■ Your assignment
Nothing in the records may be left out or reworded; return them exactly.
%%
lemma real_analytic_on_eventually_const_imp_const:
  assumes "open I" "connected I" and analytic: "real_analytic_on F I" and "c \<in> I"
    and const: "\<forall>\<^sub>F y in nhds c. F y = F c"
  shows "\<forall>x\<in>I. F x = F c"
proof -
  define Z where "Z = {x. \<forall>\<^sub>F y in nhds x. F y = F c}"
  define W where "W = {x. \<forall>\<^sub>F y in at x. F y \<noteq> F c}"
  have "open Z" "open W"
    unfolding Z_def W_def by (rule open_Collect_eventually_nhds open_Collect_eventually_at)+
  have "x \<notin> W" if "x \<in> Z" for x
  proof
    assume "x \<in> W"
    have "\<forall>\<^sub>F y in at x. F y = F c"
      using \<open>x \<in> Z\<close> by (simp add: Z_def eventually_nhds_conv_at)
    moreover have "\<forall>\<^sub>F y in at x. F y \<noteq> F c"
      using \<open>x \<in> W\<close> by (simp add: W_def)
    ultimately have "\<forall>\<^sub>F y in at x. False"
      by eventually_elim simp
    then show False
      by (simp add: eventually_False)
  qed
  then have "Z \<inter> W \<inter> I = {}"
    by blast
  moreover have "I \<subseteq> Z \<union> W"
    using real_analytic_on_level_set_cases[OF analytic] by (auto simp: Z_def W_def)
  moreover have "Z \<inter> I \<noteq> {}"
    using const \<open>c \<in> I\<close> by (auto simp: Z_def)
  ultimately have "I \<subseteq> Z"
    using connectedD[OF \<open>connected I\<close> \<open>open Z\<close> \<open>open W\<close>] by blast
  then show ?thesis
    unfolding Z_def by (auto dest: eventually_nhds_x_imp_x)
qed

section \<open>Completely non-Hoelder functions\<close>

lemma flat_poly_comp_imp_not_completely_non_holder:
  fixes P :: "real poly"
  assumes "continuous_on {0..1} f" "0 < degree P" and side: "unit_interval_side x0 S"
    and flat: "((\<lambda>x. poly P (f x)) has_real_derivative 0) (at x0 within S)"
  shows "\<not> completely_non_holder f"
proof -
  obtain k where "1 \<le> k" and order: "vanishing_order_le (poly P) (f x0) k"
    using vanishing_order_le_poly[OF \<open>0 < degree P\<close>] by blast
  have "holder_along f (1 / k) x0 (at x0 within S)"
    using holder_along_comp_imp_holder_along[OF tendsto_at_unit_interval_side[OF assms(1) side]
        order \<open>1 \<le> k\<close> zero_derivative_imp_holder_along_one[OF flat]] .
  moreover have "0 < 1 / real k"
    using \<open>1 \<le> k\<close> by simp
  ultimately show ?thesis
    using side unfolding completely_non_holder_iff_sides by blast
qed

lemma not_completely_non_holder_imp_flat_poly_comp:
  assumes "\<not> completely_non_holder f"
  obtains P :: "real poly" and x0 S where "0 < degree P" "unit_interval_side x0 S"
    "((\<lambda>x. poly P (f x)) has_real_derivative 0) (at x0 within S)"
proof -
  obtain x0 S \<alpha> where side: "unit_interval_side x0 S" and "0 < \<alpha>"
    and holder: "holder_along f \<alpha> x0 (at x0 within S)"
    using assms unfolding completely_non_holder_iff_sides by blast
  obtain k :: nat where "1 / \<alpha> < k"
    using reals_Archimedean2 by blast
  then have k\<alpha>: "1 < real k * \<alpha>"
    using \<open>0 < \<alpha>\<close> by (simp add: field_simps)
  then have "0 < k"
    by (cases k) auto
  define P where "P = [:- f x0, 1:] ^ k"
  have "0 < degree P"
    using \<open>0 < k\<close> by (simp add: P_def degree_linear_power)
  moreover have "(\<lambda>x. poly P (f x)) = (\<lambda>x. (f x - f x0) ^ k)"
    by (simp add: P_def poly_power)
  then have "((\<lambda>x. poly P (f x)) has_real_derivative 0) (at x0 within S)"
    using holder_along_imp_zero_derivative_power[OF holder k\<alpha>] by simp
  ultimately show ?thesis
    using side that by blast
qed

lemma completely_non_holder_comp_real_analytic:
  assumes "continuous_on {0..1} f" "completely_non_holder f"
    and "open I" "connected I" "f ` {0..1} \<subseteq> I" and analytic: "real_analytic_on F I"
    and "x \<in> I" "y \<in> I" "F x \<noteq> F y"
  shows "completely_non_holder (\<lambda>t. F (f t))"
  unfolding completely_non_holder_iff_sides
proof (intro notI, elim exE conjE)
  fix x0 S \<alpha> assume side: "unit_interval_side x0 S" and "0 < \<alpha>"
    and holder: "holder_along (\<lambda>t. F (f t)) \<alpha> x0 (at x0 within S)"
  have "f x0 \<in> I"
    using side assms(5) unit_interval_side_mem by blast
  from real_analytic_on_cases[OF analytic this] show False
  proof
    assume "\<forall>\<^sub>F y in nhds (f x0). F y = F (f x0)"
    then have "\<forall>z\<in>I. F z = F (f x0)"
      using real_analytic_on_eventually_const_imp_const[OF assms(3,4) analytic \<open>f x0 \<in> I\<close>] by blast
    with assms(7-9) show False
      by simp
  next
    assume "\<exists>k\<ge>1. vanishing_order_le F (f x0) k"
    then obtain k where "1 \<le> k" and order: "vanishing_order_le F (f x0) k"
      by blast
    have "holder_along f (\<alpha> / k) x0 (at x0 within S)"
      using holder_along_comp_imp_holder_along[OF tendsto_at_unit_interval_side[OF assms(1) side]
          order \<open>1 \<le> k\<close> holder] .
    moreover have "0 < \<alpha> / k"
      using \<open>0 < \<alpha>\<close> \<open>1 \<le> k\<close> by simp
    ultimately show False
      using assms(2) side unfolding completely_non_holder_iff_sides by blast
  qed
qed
%%
■ Solution for this task
lemma real_analytic_on_eventually_const_imp_const:
  assumes "open I" "connected I" and analytic: "real_analytic_on F I" and "c \<in> I"
    and const: "\<forall>\<^sub>F y in nhds c. F y = F c"
  shows "\<forall>x\<in>I. F x = F c"
proof -
  define Z where "Z = {x. \<forall>\<^sub>F y in nhds x. F y = F c}"
  define W where "W = {x. \<forall>\<^sub>F y in at x. F y \<noteq> F c}"
  have "open Z" "open W"
    unfolding Z_def W_def by (rule open_Collect_eventually_nhds open_Collect_eventually_at)+
  have "x \<notin> W" if "x \<in> Z" for x
  proof
    assume "x \<in> W"
    have "\<forall>\<^sub>F y in at x. F y = F c"
      using \<open>x \<in> Z\<close> by (simp add: Z_def eventually_nhds_conv_at)
    moreover have "\<forall>\<^sub>F y in at x. F y \<noteq> F c"
      using \<open>x \<in> W\<close> by (simp add: W_def)
    ultimately have "\<forall>\<^sub>F y in at x. False"
      by eventually_elim simp
    then show False
      by (simp add: eventually_False)
  qed
  then have "Z \<inter> W \<inter> I = {}"
    by blast
  moreover have "I \<subseteq> Z \<union> W"
    using real_analytic_on_level_set_cases[OF analytic] by (auto simp: Z_def W_def)
  moreover have "Z \<inter> I \<noteq> {}"
    using const \<open>c \<in> I\<close> by (auto simp: Z_def)
  ultimately have "I \<subseteq> Z"
    using connectedD[OF \<open>connected I\<close> \<open>open Z\<close> \<open>open W\<close>] by blast
  then show ?thesis
    unfolding Z_def by (auto dest: eventually_nhds_x_imp_x)
qed

section \<open>Completely non-Hoelder functions\<close>

lemma flat_poly_comp_imp_not_completely_non_holder:
  fixes P :: "real poly"
  assumes "continuous_on {0..1} f" "0 < degree P" and side: "unit_interval_side x0 S"
    and flat: "((\<lambda>x. poly P (f x)) has_real_derivative 0) (at x0 within S)"
  shows "\<not> completely_non_holder f"
proof -
  obtain k where "1 \<le> k" and order: "vanishing_order_le (poly P) (f x0) k"
    using vanishing_order_le_poly[OF \<open>0 < degree P\<close>] by blast
  have "holder_along f (1 / k) x0 (at x0 within S)"
    using holder_along_comp_imp_holder_along[OF tendsto_at_unit_interval_side[OF assms(1) side]
        order \<open>1 \<le> k\<close> zero_derivative_imp_holder_along_one[OF flat]] .
  moreover have "0 < 1 / real k"
    using \<open>1 \<le> k\<close> by simp
  ultimately show ?thesis
    using side unfolding completely_non_holder_iff_sides by blast
qed

lemma not_completely_non_holder_imp_flat_poly_comp:
  assumes "\<not> completely_non_holder f"
  obtains P :: "real poly" and x0 S where "0 < degree P" "unit_interval_side x0 S"
    "((\<lambda>x. poly P (f x)) has_real_derivative 0) (at x0 within S)"
proof -
  obtain x0 S \<alpha> where side: "unit_interval_side x0 S" and "0 < \<alpha>"
    and holder: "holder_along f \<alpha> x0 (at x0 within S)"
    using assms unfolding completely_non_holder_iff_sides by blast
  obtain k :: nat where "1 / \<alpha> < k"
    using reals_Archimedean2 by blast
  then have k\<alpha>: "1 < real k * \<alpha>"
    using \<open>0 < \<alpha>\<close> by (simp add: field_simps)
  then have "0 < k"
    by (cases k) auto
  define P where "P = [:- f x0, 1:] ^ k"
  have "0 < degree P"
    using \<open>0 < k\<close> by (simp add: P_def degree_linear_power)
  moreover have "(\<lambda>x. poly P (f x)) = (\<lambda>x. (f x - f x0) ^ k)"
    by (simp add: P_def poly_power)
  then have "((\<lambda>x. poly P (f x)) has_real_derivative 0) (at x0 within S)"
    using holder_along_imp_zero_derivative_power[OF holder k\<alpha>] by simp
  ultimately show ?thesis
    using side that by blast
qed

lemma completely_non_holder_comp_real_analytic:
  assumes "continuous_on {0..1} f" "completely_non_holder f"
    and "open I" "connected I" "f ` {0..1} \<subseteq> I" and analytic: "real_analytic_on F I"
    and "x \<in> I" "y \<in> I" "F x \<noteq> F y"
  shows "completely_non_holder (\<lambda>t. F (f t))"
  unfolding completely_non_holder_iff_sides
proof (intro notI, elim exE conjE)
  fix x0 S \<alpha> assume side: "unit_interval_side x0 S" and "0 < \<alpha>"
    and holder: "holder_along (\<lambda>t. F (f t)) \<alpha> x0 (at x0 within S)"
  have "f x0 \<in> I"
    using side assms(5) unit_interval_side_mem by blast
  from real_analytic_on_cases[OF analytic this] show False
  proof
    assume "\<forall>\<^sub>F y in nhds (f x0). F y = F (f x0)"
    then have "\<forall>z\<in>I. F z = F (f x0)"
      using real_analytic_on_eventually_const_imp_const[OF assms(3,4) analytic \<open>f x0 \<in> I\<close>] by blast
    with assms(7-9) show False
      by simp
  next
    assume "\<exists>k\<ge>1. vanishing_order_le F (f x0) k"
    then obtain k where "1 \<le> k" and order: "vanishing_order_le F (f x0) k"
      by blast
    have "holder_along f (\<alpha> / k) x0 (at x0 within S)"
      using holder_along_comp_imp_holder_along[OF tendsto_at_unit_interval_side[OF assms(1) side]
          order \<open>1 \<le> k\<close> holder] .
    moreover have "0 < \<alpha> / k"
      using \<open>0 < \<alpha>\<close> \<open>1 \<le> k\<close> by simp
    ultimately show False
      using assms(2) side unfolding completely_non_holder_iff_sides by blast
  qed
qed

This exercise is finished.